After receiving another award - the Les Roches Hospitality Golden Key Award - Joan Roca discusses the future of gastronomy.
El Celler de Can Roca, a three-Michelin-star restaurant and twice best restaurant in the world according to The World's 50 Best Restaurants, just turned thirty-seven. It was August 1986 when the Roca brothers, Joan and Josep, later joined by Jordi, opened their fine dining establishment next to the family's business, Can Roca. They turned this dream and the Roca name into something of global significance in the culinary world.
Despite their remarkable success, what has consistently distinguished them is their humility, along with their unwavering commitment and excellence. Over two thousand young talents have passed through their training programs, with some continuing to work in their various ventures, from Rocambolesc ice cream shops to the brand-new Bikineria recently opened in the center of Girona. Joan, after receiving the Les Roches Hospitality Golden Key Award for his personal commitment and contribution to the culinary industry and education, opened up in an interview with Esquire.

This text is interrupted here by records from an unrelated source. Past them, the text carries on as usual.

theorem lemmaD2:
  fixes G :: "real^'d \<Rightarrow> real" and L R \<epsilon> :: real
    and B :: "real^'d^'s" and b :: "real^'s"
    and u0 ustar unu umin u :: "real^'d"
  defines "\<nu> \<equiv> \<epsilon> / R\<^sup>2"
  defines "Gnu \<equiv> (\<lambda>v. G v + \<nu> / 2 * (norm (u0 - v))\<^sup>2)"
  defines "D \<equiv> G ustar - G umin"
  defines "\<delta> \<equiv> \<epsilon>\<^sup>2 / (32 * (D + \<epsilon> / 2) * (L + \<epsilon> / R\<^sup>2))"
  assumes convex: "convex_on UNIV G"
    and smooth: "L_smooth L G"
    and b_col: "b \<in> range (\<lambda>x. B *v x)"
    and R_pos: "R > 0" and eps_pos: "\<epsilon> > 0"
    and ustar_feas: "B *v ustar = b"
    and ustar_min: "\<forall>v. B *v v = b \<longrightarrow> G ustar \<le> G v"
    and unu_feas: "B *v unu = b"
    and unu_min: "\<forall>v. B *v v = b \<longrightarrow> Gnu unu \<le> Gnu v"
    and umin_min: "\<forall>v. G umin \<le> G v"
    and init: "(norm (u0 - ustar))\<^sup>2 \<le> R\<^sup>2"
    and close: "(norm (u - unu))\<^sup>2 \<le> \<delta>"
  shows "G u - G ustar \<le> \<epsilon> \<and> (norm (B *v u - b))\<^sup>2 \<le> \<delta> * (sigma_max B)\<^sup>2"
proof
  have "\<nu> > 0"
    using R_pos eps_pos by (simp add: \<nu>_def)
  have "G unu \<le> Gnu unu"
    using \<open>\<nu> > 0\<close> by (simp add: Gnu_def)
  also have "\<dots> \<le> Gnu ustar"
    using unu_min ustar_feas by blast
  also have "\<dots> \<le> G ustar + \<nu> / 2 * R\<^sup>2"
    using init \<open>\<nu> > 0\<close> by (simp add: Gnu_def)
  also have "\<nu> / 2 * R\<^sup>2 = \<epsilon> / 2"
    using R_pos by (simp add: \<nu>_def)
  finally have "G unu \<le> G ustar + \<epsilon> / 2" .
  moreover have "G u - G unu \<le> \<epsilon> / 2"
    using smooth _ _ eps_pos _ _ close[unfolded \<delta>_def]
    by (rule L_smooth_increment_le_half)
      (use R_pos eps_pos umin_min \<open>G unu \<le> G ustar + \<epsilon> / 2\<close> in \<open>auto simp: D_def\<close>)
  ultimately show "G u - G ustar \<le> \<epsilon>"
    by linarith
next
  have "B *v u - b = B *v (u - unu)"
    using unu_feas by (simp add: matrix_vector_mult_diff_distrib)
  then have "(norm (B *v u - b))\<^sup>2 \<le> (sigma_max B)\<^sup>2 * (norm (u - unu))\<^sup>2"
    by (simp add: norm_matrix_vector_le_sigma_max)
  also have "\<dots> \<le> (sigma_max B)\<^sup>2 * \<delta>"
    using close by (simp add: mult_left_mono)
  finally show "(norm (B *v u - b))\<^sup>2 \<le> \<delta> * (sigma_max B)\<^sup>2"
    by (simp add: mult.commute)
qed

end
(* Let $\mathbb{L}$ be an algebraically closed field, $a\in\mathbb{L}^{\times}$, $\Bbbk=\mathbb{L}(x)$ the field of rational functions, and $\sigma$ the automorphism of $\Bbbk$ which is the identity on $\mathbb{L}$ and sends $x\mapsto x+a$. Let $G_\sigma=\{\frac{r}{\sigma(r)}: r\in\Bbbk^\times\}$. Consider the group isomorphism $\mathbb{L}(x)^{\times}\to \mathbb{L}^{\times}\times \mathrm{Fsfun}(\mathbb{L},\mathbb{Z})$, $\alpha\mapsto (c_\alpha,\mathtt{m}_\alpha)$. Then the restriction of this isomorphism to $G_\sigma$ is an isomorphism of $G_\sigma$ onto $\{1\}\times\mathrm{Fsfun}_\sigma(\mathbb{L},\mathbb{Z})$; in other words, $\beta\mapsto \mathtt{m}_\beta$ defines a group isomorphism $G_\sigma\cong \mathrm{Fsfun}_\sigma(\mathbb{L},\mathbb{Z})$.
   Context: Every $\alpha\in\mathbb{L}(x)^{\times}$ can be uniquely written as $\alpha=c_\alpha\prod_{t\in\mathbb{L}}(x-t)^{\mathtt{m}_\alpha(t)}$ with $c_\alpha\in\mathbb{L}^{\times}$ and $\mathtt{m}_\alpha:\mathbb{L}\to\mathbb{Z}$ a function with finite support (i.e. $\mathtt{m}_\alpha(t)\neq 0$ for only finitely many $t$). $\mathrm{Fsfun}(\mathbb{L},\mathbb{Z})$ denotes the additive group of all functions $\mathbb{L}\to\mathbb{Z}$ with finite support, and $\mathrm{Fsfun}_\sigma(\mathbb{L},\mathbb{Z})$ denotes its subgroup of those $\mathtt{m}$ such that $\sum_{i\in\mathbb{Z}}\mathtt{m}(t+ia)=0$ for every $t\in\mathbb{L}$. *)

theory Defs
  imports "HOL-Computational_Algebra.Polynomial" "HOL-Computational_Algebra.Fraction_Field"
begin

text \<open>The rational function field L(x) is modelled as the fraction field of L[x].\<close>

definition rf_const :: "'a::field \<Rightarrow> 'a poly fract" where
  "rf_const c = Fract [:c:] 1"

definition rf_X :: "'a::field poly fract" where
  "rf_X = Fract [:0, 1:] 1"

definition rf_shift :: "'a::field \<Rightarrow> 'a poly fract \<Rightarrow> 'a poly fract" where
  "rf_shift a r = (THE s. \<exists>p q. q \<noteq> 0 \<and> r = Fract p q \<and>
                         s = Fract (pcompose p [:a, 1:]) (pcompose q [:a, 1:]))"

definition rf_decomp :: "'a::field poly fract \<Rightarrow> 'a \<Rightarrow> ('a \<Rightarrow> int) \<Rightarrow> bool" where
  "rf_decomp \<alpha> c m \<longleftrightarrow> c \<noteq> 0 \<and> finite {t. m t \<noteq> 0} \<and>
      \<alpha> = rf_const c * (\<Prod>t\<in>{t. m t \<noteq> 0}. (rf_X - rf_const t) powi (m t))"

definition rf_coef :: "'a::field poly fract \<Rightarrow> 'a" where
  "rf_coef \<alpha> = (THE c. \<exists>m. rf_decomp \<alpha> c m)"

definition rf_mult :: "'a::field poly fract \<Rightarrow> 'a \<Rightarrow> int" where
  "rf_mult \<alpha> = (THE m. \<exists>c. rf_decomp \<alpha> c m)"

definition G_sigma :: "'a::field \<Rightarrow> 'a poly fract set" where
  "G_sigma a = {r / rf_shift a r | r. r \<noteq> 0}"

definition Fsfun :: "('a \<Rightarrow> int) set" where
  "Fsfun = {m. finite {t. m t \<noteq> 0}}"

definition Fsfun_sigma :: "'a::field \<Rightarrow> ('a \<Rightarrow> int) set" where
  "Fsfun_sigma a = {m \<in> Fsfun. \<forall>t.
      sum m ({s. \<exists>i::int. s = t + of_int i * a} \<inter> {s. m s \<noteq> 0}) = 0}"

end

theory Submission
  imports Defs "HOL-Computational_Algebra.Polynomial_Factorial"
begin

(* Over an algebraically closed field every nonzero rational function factors as
   c * prod_t (x - t)^(m t), and the factorization is unique: splitting m into its positive
   and negative parts turns an equation between two factorizations into an equation between
   two polynomials with disjoint roots. The shift sigma fixes c and replaces m by m(. + a),
   so r / sigma(r) has constant 1 and multiplicity function n - n(. + a), a coboundary of
   the shift. Conversely, a finitely supported m whose sums over all orbits t + Z a vanish is
   such a coboundary: if t is in the support, so is some other point s of its orbit, and
   subtracting m(t) times the coboundary 1_t - 1_s removes t from the support without
   changing the orbit sums. Hence G_sigma is the image of Fsfun_sigma under
   m |-> prod_t (x - t)^(m t), which turns sums into products and is inverted by
   beta |-> (c_beta, m_beta). *)

definition supp :: "('b \<Rightarrow> int) \<Rightarrow> 'b set" where
  "supp m = {t. m t \<noteq> 0}"

lemma finite_supp_add:
  "finite (supp m) \<Longrightarrow> finite (supp n) \<Longrightarrow> finite (supp (\<lambda>t. m t + n t))"
  by (rule finite_subset[of _ "supp m \<union> supp n"]) (auto simp: supp_def)

lemma supp_uminus [simp]: "supp (\<lambda>t. - m t) = supp m"
  by (simp add: supp_def)

lemma supp_shift: "supp (\<lambda>s. n (s + a)) = (\<lambda>t. t - a) ` supp (n :: 'a::ab_group_add \<Rightarrow> int)"
  by (auto simp: supp_def image_iff intro!: exI[of _ "_ + a"])

lemma sum_Int_supp_superset:
  "finite F \<Longrightarrow> supp m \<subseteq> F \<Longrightarrow> sum m (A \<inter> supp m) = sum m (A \<inter> F)"
  by (rule sum.mono_neutral_left) (auto simp: supp_def)

definition rf_monic :: "('a::field \<Rightarrow> int) \<Rightarrow> 'a poly fract" where
  "rf_monic m = (\<Prod>t\<in>supp m. (rf_X - rf_const t) powi m t)"

lemma rf_decomp_iff:
  "rf_decomp \<alpha> c m \<longleftrightarrow> c \<noteq> 0 \<and> finite (supp m) \<and> \<alpha> = rf_const c * rf_monic m"
  unfolding rf_decomp_def rf_monic_def supp_def ..

lemma rf_const_eq: "rf_const c = to_fract [:c:]"
  by (simp add: rf_const_def to_fract_def)

lemma rf_X_minus_const_eq: "rf_X - rf_const t = to_fract [:-t, 1:]"
  by (simp add: rf_X_def rf_const_def to_fract_def)

lemma rf_const_mult: "rf_const (c * d) = rf_const c * rf_const d"
  unfolding rf_const_eq to_fract_mult[symmetric] mult_to_poly ..

lemma rf_const_inverse: "rf_const (inverse c) = inverse (rf_const c)"
  by (cases "c = 0") (simp_all add: rf_const_def eq_fract Zero_fract_def mult_to_poly)

lemma to_fract_power: "to_fract (p ^ n) = to_fract p ^ n"
  by (induction n) simp_all

lemma to_fract_prod: "to_fract (\<Prod>t\<in>A. f t) = (\<Prod>t\<in>A. to_fract (f t))"
  by (induction A rule: infinite_finite_induct) simp_all
text \<open>For nonempty T, no product of the 1 - x i ^ 2, i in T, is a square of a quotient of
  elements of Q[x i : i in I]: viewed as polynomials in x j (j in T) the two sides of
  a ^ 2 = D * b ^ 2 have 1 as root of even, resp. odd, multiplicity.\<close>
lemma prod_one_minus_sq_not_square_Qalg:
  fixes x :: "nat \<Rightarrow> 'a::field_char_0"
  assumes fin: "finite I" and ind: "alg_indep_over_Q x I" and TI: "T \<subseteq> I" and jT: "j \<in> T"
    and a: "a \<in> Qalg x I" and b: "b \<in> Qalg x I" and bnz: "b \<noteq> 0"
  shows "a ^ 2 \<noteq> (\<Prod>i\<in>T. 1 - x i ^ 2) * b ^ 2"
proof
  assume eq: "a ^ 2 = (\<Prod>i\<in>T. 1 - x i ^ 2) * b ^ 2"
  have jI: "j \<in> I" using TI jT by auto
  have finT: "finite T" using fin TI finite_subset by auto
  obtain pa where pa: "pa \<in> Qalg_poly x (I - {j})" "a = poly pa (x j)"
    using Qalg_as_poly[OF jI a] by blast
  obtain pb where pb: "pb \<in> Qalg_poly x (I - {j})" "b = poly pb (x j)"
    using Qalg_as_poly[OF jI b] by blast
  define c where "c = (\<Prod>i\<in>T - {j}. 1 - x i ^ 2)"
  have c: "c \<in> Qalg x (I - {j})" unfolding c_def using finT TI
    by (intro Qalg_prod) (auto intro!: Qalg_diff Qalg_1 Qalg_mult Qalg_var simp: power2_eq_square)
  have cnz: "c \<noteq> 0" unfolding c_def using one_minus_sq_nonzero[OF fin _ ind] finT TI by auto
  define pD where "pD = [:1, 0, -1:] * [:c:]"
  have "(\<Prod>i\<in>T. 1 - x i ^ 2) = (1 - x j ^ 2) * c"
    unfolding c_def using finT jT by (simp add: prod.remove)
  hence pD_val: "poly pD (x j) = (\<Prod>i\<in>T. 1 - x i ^ 2)"
    unfolding pD_def by (simp add: power2_eq_square algebra_simps)
  have "pa ^ 2 - pD * pb ^ 2 \<in> Qalg_poly x (I - {j})" unfolding pD_def power2_eq_square
    by (intro Qalg_poly_diff Qalg_poly_mult pa(1) pb(1) Qalg_poly_one_minus_X_sq Qalg_poly_const c)
  moreover have "poly (pa ^ 2 - pD * pb ^ 2) (x j) = 0" using eq pa(2) pb(2) pD_val by simp
  ultimately have "pa ^ 2 - pD * pb ^ 2 = 0"
    using Qalg_poly_root_eq_0[OF fin jI ind] by blast
  hence eqp: "pa ^ 2 = pD * pb ^ 2" by simp
  have pbnz: "pb \<noteq> 0" using bnz pb(2) by auto
  have pDnz: "pD \<noteq> 0" unfolding pD_def using cnz by simp
  have panz: "pa \<noteq> 0" using eqp pbnz pDnz by auto
  have "order 1 (pa ^ 2) = 2 * order 1 pa"
    using panz by (simp add: power2_eq_square order_mult)
  moreover have "order 1 pD = 1" unfolding pD_def by (rule order_one_minus_X_sq[OF cnz])
  hence "order 1 (pD * pb ^ 2) = 1 + 2 * order 1 pb"
    using pbnz pDnz by (simp add: order_mult power2_eq_square)
  ultimately show False using arg_cong[OF eqp, of "order 1"] by presburger
qed

abbreviation RR where "RR \<equiv> (ring_of_type_algebra :: 'a::field ring)"

lemma RR_simps [simp]:
  "carrier (RR::'a::field ring) = UNIV"
  "a \<oplus>\<^bsub>(RR::'a ring)\<^esub> b = a + b"
  "a \<otimes>\<^bsub>(RR::'a ring)\<^esub> b = a * b"
  "\<zero>\<^bsub>(RR::'a ring)\<^esub> = 0"
  "\<one>\<^bsub>(RR::'a ring)\<^esub> = 1"
  by (simp_all add: ring_of_type_algebra_def)

lemma RR_a_inv [simp]: "\<ominus>\<^bsub>(RR::'a::field ring)\<^esub> a = - a"
proof -
  interpret field "RR::'a ring" by (rule field_from_type_algebra)
  have "a \<oplus>\<^bsub>RR\<^esub> \<ominus>\<^bsub>RR\<^esub> a = \<zero>\<^bsub>RR\<^esub>" by (rule r_neg) simp
  thus ?thesis by (simp add: add_eq_0_iff)
qed

lemma RR_inv: "a \<noteq> 0 \<Longrightarrow> inv\<^bsub>(RR::'a::field ring)\<^esub> a = inverse a"
proof -
  assume a: "a \<noteq> 0"
  interpret field "RR::'a ring" by (rule field_from_type_algebra)
  have "a \<otimes>\<^bsub>RR\<^esub> inv\<^bsub>RR\<^esub> a = \<one>\<^bsub>RR\<^esub>" by (rule Units_r_inv) (simp add: a field_Units)
  thus ?thesis using a by (metis RR_simps(3,5) inverse_unique)
qed

lemma RR_pow [simp]: "a [^]\<^bsub>(RR::'a::field ring)\<^esub> (k::nat) = a ^ k"
proof -
  interpret field "RR::'a ring" by (rule field_from_type_algebra)
  show ?thesis by (induction k) (simp_all add: mult.commute)
qed

lemma generate_field_quotient:
  fixes x :: "nat \<Rightarrow> 'a::field_char_0"
  assumes "h \<in> generate_field RR (x ` I)"
  shows "\<exists>a b. a \<in> Qalg x I \<and> b \<in> Qalg x I \<and> b \<noteq> 0 \<and> h = a / b"
  using assms
proof (induction rule: generate_field.induct)
  case one
  show ?case by (intro exI[of _ 1]) (simp add: Qalg_1)
next
  case (incl h)
  then obtain i where "i \<in> I" "h = x i" by auto
  thus ?case by (intro exI[of _ "x i"] exI[of _ 1]) (auto simp: Qalg_1 intro: Qalg_var)
next
  case (a_inv h)
  then obtain a b where "a \<in> Qalg x I" "b \<in> Qalg x I" "b \<noteq> 0" "h = a / b" by blast
  thus ?case by (intro exI[of _ "- a"] exI[of _ b]) (auto intro: Qalg_neg)
next
  case (m_inv h)
  then obtain a b where ab: "a \<in> Qalg x I" "b \<in> Qalg x I" "b \<noteq> 0" "h = a / b" by blast
  have "h \<noteq> 0" using m_inv by simp
  thus ?case using ab by (intro exI[of _ b] exI[of _ a]) (auto simp: RR_inv)
next
  case (eng_add h1 h2)
  then obtain a b c d where "a \<in> Qalg x I" "b \<in> Qalg x I" "b \<noteq> 0" "h1 = a / b"
    and "c \<in> Qalg x I" "d \<in> Qalg x I" "d \<noteq> 0" "h2 = c / d" by blast
  thus ?case by (intro exI[of _ "a * d + c * b"] exI[of _ "b * d"])
      (auto intro!: Qalg_add Qalg_mult simp: field_simps)
next
  case (eng_mult h1 h2)
  then obtain a b c d where "a \<in> Qalg x I" "b \<in> Qalg x I" "b \<noteq> 0" "h1 = a / b"
    and "c \<in> Qalg x I" "d \<in> Qalg x I" "d \<noteq> 0" "h2 = c / d" by blast
  thus ?case by (intro exI[of _ "a * c"] exI[of _ "b * d"]) (auto intro!: Qalg_mult)
qed

lemma prod_one_minus_sq_not_square:
  fixes x :: "nat \<Rightarrow> 'a::field_char_0"
  assumes fin: "finite I" and ind: "alg_indep_over_Q x I" and TI: "T \<subseteq> I" and Tne: "T \<noteq> {}"
    and u: "u \<in> generate_field RR (x ` I)"
  shows "u ^ 2 \<noteq> (\<Prod>i\<in>T. 1 - x i ^ 2)"
proof
  assume eq: "u ^ 2 = (\<Prod>i\<in>T. 1 - x i ^ 2)"
  obtain a b where ab: "a \<in> Qalg x I" "b \<in> Qalg x I" "b \<noteq> 0" "u = a / b"
    using generate_field_quotient[OF u] by blast
  obtain j where "j \<in> T" using Tne by auto
  have "a ^ 2 = (\<Prod>i\<in>T. 1 - x i ^ 2) * b ^ 2"
    using eq ab(3,4) by (simp add: field_simps power2_eq_square)
  thus False using prod_one_minus_sq_not_square_Qalg[OF fin ind TI \<open>j \<in> T\<close> ab(1-3)] by blast
qed

definition field_closed :: "'a::field set \<Rightarrow> bool" where
  "field_closed F \<longleftrightarrow> 0 \<in> F \<and> 1 \<in> F \<and> (\<forall>a\<in>F. \<forall>b\<in>F. a + b \<in> F \<and> a * b \<in> F) \<and>
     (\<forall>a\<in>F. - a \<in> F) \<and> (\<forall>a\<in>F. inverse a \<in> F)"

"I believe that cooking, being a chef, can be learned," he begins. "In my case, it's obvious; we come from a family of chefs and restaurateurs, and there was that connection, that calling. My experience with young people from around the world at El Celler or the hotel school in Girona tells me that it can be learned, that with the desire and enthusiasm, it's a passion that can ignite knowledge and make them fall in love with the profession." Technique? According to the great chef, it's important and provides a solid foundation for creativity, but what matters most to him is "to convey values, those values that our parents instilled in us. Hospitality means taking care of people, making them happy."
However, when his son left a political career to become a chef, Roca didn't bat an eye. "I didn't expect it, but it was a pleasant surprise. I only told him to think about it many times. It's a wonderful profession that today allows for travel, exploration, and discovery; on the other hand, it comes with many challenges and difficulties." Speaking of challenges, with the gastronomy boom, is it easier or harder for young chefs to make a name for themselves? "I think it's easier, for a very simple reason: the chef's role is much more valued than when we started. You feel like part of a society that's fascinated by everything you do. Of course, starting a restaurant may be more financially challenging, but it's not impossible."
Thanks to their success, the Rocas are determined to continue surprising the world for at least another decade. Fine dining, according to them, is sustainable and has a future. "However, there won't be many restaurants like ours, as they require a team and an investment that will limit their numbers. There's a world with the capacity and curiosity to experiment but also the desire to dine more frequently in affordable restaurants. We need to use our imagination to develop attractive yet more economical and well-managed offerings."